> **ABOUT THIS TASK**: For each line of the listing that includes the word "definition", show the whole line.
•••••
(* Let $X=\mathbb{C}^n$ with the standard inner product $(\cdot,\cdot)$, and consider the problem $u'(t)=F(u(t))=Lu(t)+N(u(t))$, $u(t_0)=u_0$, where the matrix $L$ satisfies $\operatorname{Re}(u,Lu)\le0$ for all $u\in X$. Suppose Assumptions 1 and 2 below hold, and let $\tilde u_n=u(t_n)$. Then $$\big\|\big((I-hL)^{-1}-\varphi_1(hL)\big)F(\tilde u_n)\big\|\le Ch.$$ If further $L\frac{d}{dt}N(u(t))\big|_{t=t_n}$ is uniformly bounded on $X$, then $$\big\|\big((I-\tfrac12hL)^{-1}-\varphi_1(hL)\big)F(\tilde u_n)\big\|\le Ch^2.$$ The constants can be chosen uniformly bounded on $[t_0,T]$, and in particular independent of $n$ and $h$ (i.e. independent of $\|L\|$).
   Context: $\varphi_1(z)=\int_0^1 e^{(1-\theta)z}\,d\theta=(e^z-1)/z$. Assumption 1: $L$ is the generator of a strongly continuous semigroup $e^{tL}$ on $X$. Assumption 2: the problem has a sufficiently smooth solution $u:[0,T]\to X$ with derivatives in $X$, and $N:X\to X$ is sufficiently often Fréchet differentiable in a strip along the exact solution, with all occurring derivatives uniformly bounded. *)

theory Defs
  imports "HOL-Analysis.Analysis"
begin

definition mat_pow :: "complex^'n^'n \<Rightarrow> nat \<Rightarrow> complex^'n^'n" where
  "mat_pow A k = (((**) A) ^^ k) (mat 1)"

definition mexp :: "complex^'n^'n \<Rightarrow> complex^'n^'n" where
  "mexp A = (\<Sum>k. (1 / fact k) *\<^sub>R mat_pow A k)"

definition phi1 :: "complex^'n^'n \<Rightarrow> complex^'n^'n" where
  "phi1 A = integral {0..1::real} (\<lambda>\<theta>. mexp ((1 - \<theta>) *\<^sub>R A))"

text \<open>Standing setting with uniform bound M (Assumptions 1 and 2, X = C^n).
  u1, u2, u3 are the first three derivatives of the exact solution u on [t0,T];
  N1, N2 are the first two Frechet derivatives of N on a strip around the solution.\<close>
definition setting ::
  "complex^'n^'n \<Rightarrow> (complex^'n \<Rightarrow> complex^'n) \<Rightarrow> (real \<Rightarrow> complex^'n) \<Rightarrow> real \<Rightarrow> real \<Rightarrow> real \<Rightarrow> bool"
where
  "setting L N u t0 T M \<longleftrightarrow>
     t0 < T \<and>
     (\<forall>v. inner v (L *v v) \<le> 0) \<and>
     (\<exists>u1 u2 u3. \<forall>t\<in>{t0..T}.
        (u has_vector_derivative u1 t) (at t within {t0..T}) \<and>
        (u1 has_vector_derivative u2 t) (at t within {t0..T}) \<and>
        (u2 has_vector_derivative u3 t) (at t within {t0..T}) \<and>
        u1 t = L *v u t + N (u t) \<and>
        norm (u1 t) \<le> M \<and> norm (u2 t) \<le> M \<and> norm (u3 t) \<le> M) \<and>
     (\<exists>\<delta>>0. \<exists>N1 :: complex^'n \<Rightarrow> ((complex^'n) \<Rightarrow>\<^sub>L (complex^'n)).
        \<exists>N2 :: complex^'n \<Rightarrow> ((complex^'n) \<Rightarrow>\<^sub>L ((complex^'n) \<Rightarrow>\<^sub>L (complex^'n))).
        \<forall>v\<in>(\<Union>t\<in>{t0..T}. ball (u t) \<delta>).
          (N has_derivative blinfun_apply (N1 v)) (at v) \<and>
          (N1 has_derivative blinfun_apply (N2 v)) (at v) \<and>
          norm (N1 v) \<le> M \<and> norm (N2 v) \<le> M)"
•••••
> **EXPECTED ANSWER**:
definition mat_pow :: "complex^'n^'n \<Rightarrow> nat \<Rightarrow> complex^'n^'n" where
definition mexp :: "complex^'n^'n \<Rightarrow> complex^'n^'n" where
definition phi1 :: "complex^'n^'n \<Rightarrow> complex^'n^'n" where
definition setting ::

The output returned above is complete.